> Problem to solve
Go through the entries below from the first line and output each one exactly, up to and including the line with "(x k) \<le> M /".

[Dataset entries]
----------------------------------------
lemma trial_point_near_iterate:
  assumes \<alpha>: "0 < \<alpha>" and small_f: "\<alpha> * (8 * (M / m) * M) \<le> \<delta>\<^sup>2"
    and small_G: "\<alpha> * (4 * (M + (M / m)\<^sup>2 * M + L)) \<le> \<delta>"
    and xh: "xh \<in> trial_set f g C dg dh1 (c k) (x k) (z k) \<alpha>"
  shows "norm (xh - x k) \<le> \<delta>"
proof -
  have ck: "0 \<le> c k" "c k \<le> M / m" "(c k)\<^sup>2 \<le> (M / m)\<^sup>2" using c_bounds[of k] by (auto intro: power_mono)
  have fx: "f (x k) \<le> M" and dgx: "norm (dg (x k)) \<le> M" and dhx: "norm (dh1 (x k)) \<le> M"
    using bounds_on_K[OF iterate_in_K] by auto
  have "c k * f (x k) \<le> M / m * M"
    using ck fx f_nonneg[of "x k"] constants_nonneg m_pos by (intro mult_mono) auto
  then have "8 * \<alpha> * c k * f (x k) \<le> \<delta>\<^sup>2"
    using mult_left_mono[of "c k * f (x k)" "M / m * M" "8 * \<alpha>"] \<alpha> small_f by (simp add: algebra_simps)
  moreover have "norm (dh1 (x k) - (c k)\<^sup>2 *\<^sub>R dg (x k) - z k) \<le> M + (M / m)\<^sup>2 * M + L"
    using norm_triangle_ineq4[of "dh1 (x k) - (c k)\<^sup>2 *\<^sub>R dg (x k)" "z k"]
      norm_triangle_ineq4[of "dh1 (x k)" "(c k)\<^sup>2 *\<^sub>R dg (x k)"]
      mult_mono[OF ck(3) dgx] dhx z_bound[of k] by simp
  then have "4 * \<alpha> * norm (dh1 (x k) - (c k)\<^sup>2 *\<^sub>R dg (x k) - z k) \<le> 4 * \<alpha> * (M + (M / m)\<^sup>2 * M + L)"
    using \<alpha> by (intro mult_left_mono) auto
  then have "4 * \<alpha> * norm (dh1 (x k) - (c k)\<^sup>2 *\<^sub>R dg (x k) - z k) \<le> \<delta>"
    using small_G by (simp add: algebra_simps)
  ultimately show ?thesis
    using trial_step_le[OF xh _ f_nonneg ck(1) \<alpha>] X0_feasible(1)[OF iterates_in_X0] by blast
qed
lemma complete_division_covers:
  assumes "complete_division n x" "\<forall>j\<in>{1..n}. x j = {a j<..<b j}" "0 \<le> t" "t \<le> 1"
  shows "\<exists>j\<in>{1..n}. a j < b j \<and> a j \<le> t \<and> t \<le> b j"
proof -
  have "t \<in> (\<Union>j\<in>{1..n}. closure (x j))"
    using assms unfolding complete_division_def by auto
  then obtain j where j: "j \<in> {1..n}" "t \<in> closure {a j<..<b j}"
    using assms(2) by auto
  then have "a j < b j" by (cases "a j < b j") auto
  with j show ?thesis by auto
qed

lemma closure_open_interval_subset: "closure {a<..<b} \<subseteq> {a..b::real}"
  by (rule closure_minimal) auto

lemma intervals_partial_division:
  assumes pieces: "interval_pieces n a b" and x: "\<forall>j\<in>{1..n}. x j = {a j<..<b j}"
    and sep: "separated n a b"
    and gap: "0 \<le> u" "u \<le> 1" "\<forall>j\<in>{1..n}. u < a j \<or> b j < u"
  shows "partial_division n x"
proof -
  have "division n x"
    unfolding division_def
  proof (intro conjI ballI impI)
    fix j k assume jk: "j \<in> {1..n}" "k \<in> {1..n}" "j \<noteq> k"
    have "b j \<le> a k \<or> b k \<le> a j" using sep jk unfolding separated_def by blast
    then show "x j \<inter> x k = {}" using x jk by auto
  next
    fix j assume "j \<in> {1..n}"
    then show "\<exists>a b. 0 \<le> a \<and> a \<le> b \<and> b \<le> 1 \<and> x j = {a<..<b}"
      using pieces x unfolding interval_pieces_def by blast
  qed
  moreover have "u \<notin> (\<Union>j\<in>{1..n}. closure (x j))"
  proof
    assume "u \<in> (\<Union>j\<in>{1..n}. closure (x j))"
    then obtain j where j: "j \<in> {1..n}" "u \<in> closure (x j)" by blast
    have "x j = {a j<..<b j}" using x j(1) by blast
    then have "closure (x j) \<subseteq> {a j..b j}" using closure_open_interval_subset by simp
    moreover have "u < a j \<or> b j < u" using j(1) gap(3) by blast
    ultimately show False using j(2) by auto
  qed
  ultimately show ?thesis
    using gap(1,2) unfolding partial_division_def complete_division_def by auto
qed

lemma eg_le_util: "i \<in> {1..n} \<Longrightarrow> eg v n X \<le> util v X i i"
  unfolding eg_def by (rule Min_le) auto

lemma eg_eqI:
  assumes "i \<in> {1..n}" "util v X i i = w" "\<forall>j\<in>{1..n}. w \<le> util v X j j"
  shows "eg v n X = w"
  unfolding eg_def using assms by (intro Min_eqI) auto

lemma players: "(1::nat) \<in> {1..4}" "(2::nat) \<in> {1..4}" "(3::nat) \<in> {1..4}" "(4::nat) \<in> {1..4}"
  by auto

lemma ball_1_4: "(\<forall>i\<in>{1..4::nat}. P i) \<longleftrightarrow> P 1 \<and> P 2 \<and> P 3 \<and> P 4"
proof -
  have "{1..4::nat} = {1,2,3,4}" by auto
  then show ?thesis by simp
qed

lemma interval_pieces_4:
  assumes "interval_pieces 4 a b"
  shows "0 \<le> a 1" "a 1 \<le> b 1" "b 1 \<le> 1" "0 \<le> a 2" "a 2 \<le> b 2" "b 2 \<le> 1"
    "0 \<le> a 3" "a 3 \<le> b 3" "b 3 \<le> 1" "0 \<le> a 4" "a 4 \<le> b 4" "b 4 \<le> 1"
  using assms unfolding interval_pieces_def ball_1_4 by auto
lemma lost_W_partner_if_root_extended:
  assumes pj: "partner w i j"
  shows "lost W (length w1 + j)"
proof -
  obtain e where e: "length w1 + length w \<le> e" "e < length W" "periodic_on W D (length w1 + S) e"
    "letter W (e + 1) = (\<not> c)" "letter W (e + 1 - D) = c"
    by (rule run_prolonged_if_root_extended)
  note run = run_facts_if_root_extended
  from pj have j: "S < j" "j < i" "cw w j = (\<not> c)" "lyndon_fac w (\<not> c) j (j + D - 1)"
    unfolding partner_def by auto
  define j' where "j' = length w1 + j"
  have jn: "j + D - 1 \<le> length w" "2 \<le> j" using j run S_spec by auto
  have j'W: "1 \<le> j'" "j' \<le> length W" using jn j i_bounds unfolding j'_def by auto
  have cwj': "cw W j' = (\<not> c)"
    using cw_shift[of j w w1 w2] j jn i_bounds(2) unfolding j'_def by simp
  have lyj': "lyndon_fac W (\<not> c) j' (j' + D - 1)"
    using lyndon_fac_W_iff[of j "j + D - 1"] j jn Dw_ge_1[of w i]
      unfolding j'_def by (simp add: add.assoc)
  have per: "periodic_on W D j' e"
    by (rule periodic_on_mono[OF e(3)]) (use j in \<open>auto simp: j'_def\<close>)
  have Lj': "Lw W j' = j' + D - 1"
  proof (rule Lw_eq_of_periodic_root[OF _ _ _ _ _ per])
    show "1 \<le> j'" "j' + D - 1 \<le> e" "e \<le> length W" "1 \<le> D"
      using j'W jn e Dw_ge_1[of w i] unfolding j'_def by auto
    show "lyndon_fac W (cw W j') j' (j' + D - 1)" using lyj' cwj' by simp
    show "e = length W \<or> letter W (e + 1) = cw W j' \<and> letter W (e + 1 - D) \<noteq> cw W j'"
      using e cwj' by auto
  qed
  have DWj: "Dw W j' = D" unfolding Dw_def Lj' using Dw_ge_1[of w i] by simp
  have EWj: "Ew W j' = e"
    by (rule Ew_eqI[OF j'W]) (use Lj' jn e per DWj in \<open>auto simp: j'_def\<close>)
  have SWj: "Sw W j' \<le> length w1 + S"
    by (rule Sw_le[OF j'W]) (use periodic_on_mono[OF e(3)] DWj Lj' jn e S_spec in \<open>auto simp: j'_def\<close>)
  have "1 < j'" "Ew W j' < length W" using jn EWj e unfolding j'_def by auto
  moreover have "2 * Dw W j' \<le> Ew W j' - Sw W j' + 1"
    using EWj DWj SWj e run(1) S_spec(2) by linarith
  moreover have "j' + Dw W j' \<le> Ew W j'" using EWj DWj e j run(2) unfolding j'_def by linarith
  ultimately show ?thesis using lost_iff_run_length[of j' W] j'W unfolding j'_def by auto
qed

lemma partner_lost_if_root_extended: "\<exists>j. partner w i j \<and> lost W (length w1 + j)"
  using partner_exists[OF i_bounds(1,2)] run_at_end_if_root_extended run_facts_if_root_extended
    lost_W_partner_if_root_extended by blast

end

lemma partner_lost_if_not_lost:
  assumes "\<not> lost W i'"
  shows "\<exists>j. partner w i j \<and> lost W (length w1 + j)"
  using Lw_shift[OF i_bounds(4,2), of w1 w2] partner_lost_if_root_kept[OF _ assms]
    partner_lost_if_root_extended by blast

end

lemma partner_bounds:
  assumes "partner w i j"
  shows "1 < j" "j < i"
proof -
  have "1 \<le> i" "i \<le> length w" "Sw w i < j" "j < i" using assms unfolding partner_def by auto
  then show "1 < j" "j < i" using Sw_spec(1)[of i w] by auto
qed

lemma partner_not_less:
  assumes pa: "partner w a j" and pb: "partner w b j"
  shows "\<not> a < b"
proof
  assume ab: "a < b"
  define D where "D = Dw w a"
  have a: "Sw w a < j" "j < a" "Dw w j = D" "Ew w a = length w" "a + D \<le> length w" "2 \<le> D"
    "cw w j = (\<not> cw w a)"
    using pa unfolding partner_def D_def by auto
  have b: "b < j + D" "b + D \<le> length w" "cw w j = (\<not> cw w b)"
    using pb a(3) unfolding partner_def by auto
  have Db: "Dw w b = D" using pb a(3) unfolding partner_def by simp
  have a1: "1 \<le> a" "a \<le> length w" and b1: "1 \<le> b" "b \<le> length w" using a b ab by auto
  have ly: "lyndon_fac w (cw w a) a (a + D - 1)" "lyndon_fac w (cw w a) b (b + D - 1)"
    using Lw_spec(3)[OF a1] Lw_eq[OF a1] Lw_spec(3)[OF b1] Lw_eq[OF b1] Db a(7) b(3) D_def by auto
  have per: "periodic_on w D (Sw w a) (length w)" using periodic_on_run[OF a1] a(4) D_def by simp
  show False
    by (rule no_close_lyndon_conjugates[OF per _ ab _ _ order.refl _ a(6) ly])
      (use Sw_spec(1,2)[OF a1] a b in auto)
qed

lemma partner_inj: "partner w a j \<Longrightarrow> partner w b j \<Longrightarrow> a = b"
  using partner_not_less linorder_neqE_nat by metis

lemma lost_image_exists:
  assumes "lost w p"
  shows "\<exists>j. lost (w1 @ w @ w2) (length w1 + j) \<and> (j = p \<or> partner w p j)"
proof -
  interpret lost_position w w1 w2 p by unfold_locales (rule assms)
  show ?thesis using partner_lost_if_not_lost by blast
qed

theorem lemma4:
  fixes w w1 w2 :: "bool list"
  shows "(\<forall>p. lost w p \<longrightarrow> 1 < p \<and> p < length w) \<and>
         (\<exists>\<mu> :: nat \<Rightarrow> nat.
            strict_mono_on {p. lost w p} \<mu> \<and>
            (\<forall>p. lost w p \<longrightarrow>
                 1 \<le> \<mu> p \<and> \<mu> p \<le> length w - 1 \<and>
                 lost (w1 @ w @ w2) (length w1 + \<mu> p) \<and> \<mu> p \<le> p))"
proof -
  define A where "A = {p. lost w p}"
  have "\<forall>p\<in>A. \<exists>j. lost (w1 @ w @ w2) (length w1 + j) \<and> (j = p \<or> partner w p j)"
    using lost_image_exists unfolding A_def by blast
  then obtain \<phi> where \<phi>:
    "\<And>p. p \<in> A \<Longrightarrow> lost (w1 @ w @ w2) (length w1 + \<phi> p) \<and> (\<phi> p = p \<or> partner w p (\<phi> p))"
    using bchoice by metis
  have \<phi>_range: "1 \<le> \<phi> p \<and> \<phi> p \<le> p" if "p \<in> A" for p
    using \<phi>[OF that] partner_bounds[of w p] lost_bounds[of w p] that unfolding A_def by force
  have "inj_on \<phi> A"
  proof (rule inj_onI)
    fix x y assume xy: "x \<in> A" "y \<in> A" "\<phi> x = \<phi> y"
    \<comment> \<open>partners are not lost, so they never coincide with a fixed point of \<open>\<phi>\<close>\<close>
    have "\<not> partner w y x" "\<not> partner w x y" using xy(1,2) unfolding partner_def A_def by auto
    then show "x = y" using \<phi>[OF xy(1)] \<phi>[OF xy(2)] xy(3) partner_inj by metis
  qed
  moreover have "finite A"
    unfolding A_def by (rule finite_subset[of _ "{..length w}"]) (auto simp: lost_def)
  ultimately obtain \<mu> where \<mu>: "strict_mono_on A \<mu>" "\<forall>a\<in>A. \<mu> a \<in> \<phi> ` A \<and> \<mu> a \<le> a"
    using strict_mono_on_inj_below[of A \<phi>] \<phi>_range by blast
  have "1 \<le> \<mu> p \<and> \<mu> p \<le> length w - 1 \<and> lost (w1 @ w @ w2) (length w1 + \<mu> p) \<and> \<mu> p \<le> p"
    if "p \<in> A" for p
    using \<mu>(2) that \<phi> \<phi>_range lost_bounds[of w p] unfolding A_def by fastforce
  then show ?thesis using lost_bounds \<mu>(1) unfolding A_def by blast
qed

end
----------------------------------------
> Reply
lemma trial_point_near_iterate:
  assumes \<alpha>: "0 < \<alpha>" and small_f: "\<alpha> * (8 * (M / m) * M) \<le> \<delta>\<^sup>2"
    and small_G: "\<alpha> * (4 * (M + (M / m)\<^sup>2 * M + L)) \<le> \<delta>"
    and xh: "xh \<in> trial_set f g C dg dh1 (c k) (x k) (z k) \<alpha>"
  shows "norm (xh - x k) \<le> \<delta>"
proof -
  have ck: "0 \<le> c k" "c k \<le> M / m" "(c k)\<^sup>2 \<le> (M / m)\<^sup>2" using c_bounds[of k] by (auto intro: power_mono)
  have fx: "f (x k) \<le> M" and dgx: "norm (dg (x k)) \<le> M" and dhx: "norm (dh1 (x k)) \<le> M"
    using bounds_on_K[OF iterate_in_K] by auto
  have "c k * f (x k) \<le> M / m * M"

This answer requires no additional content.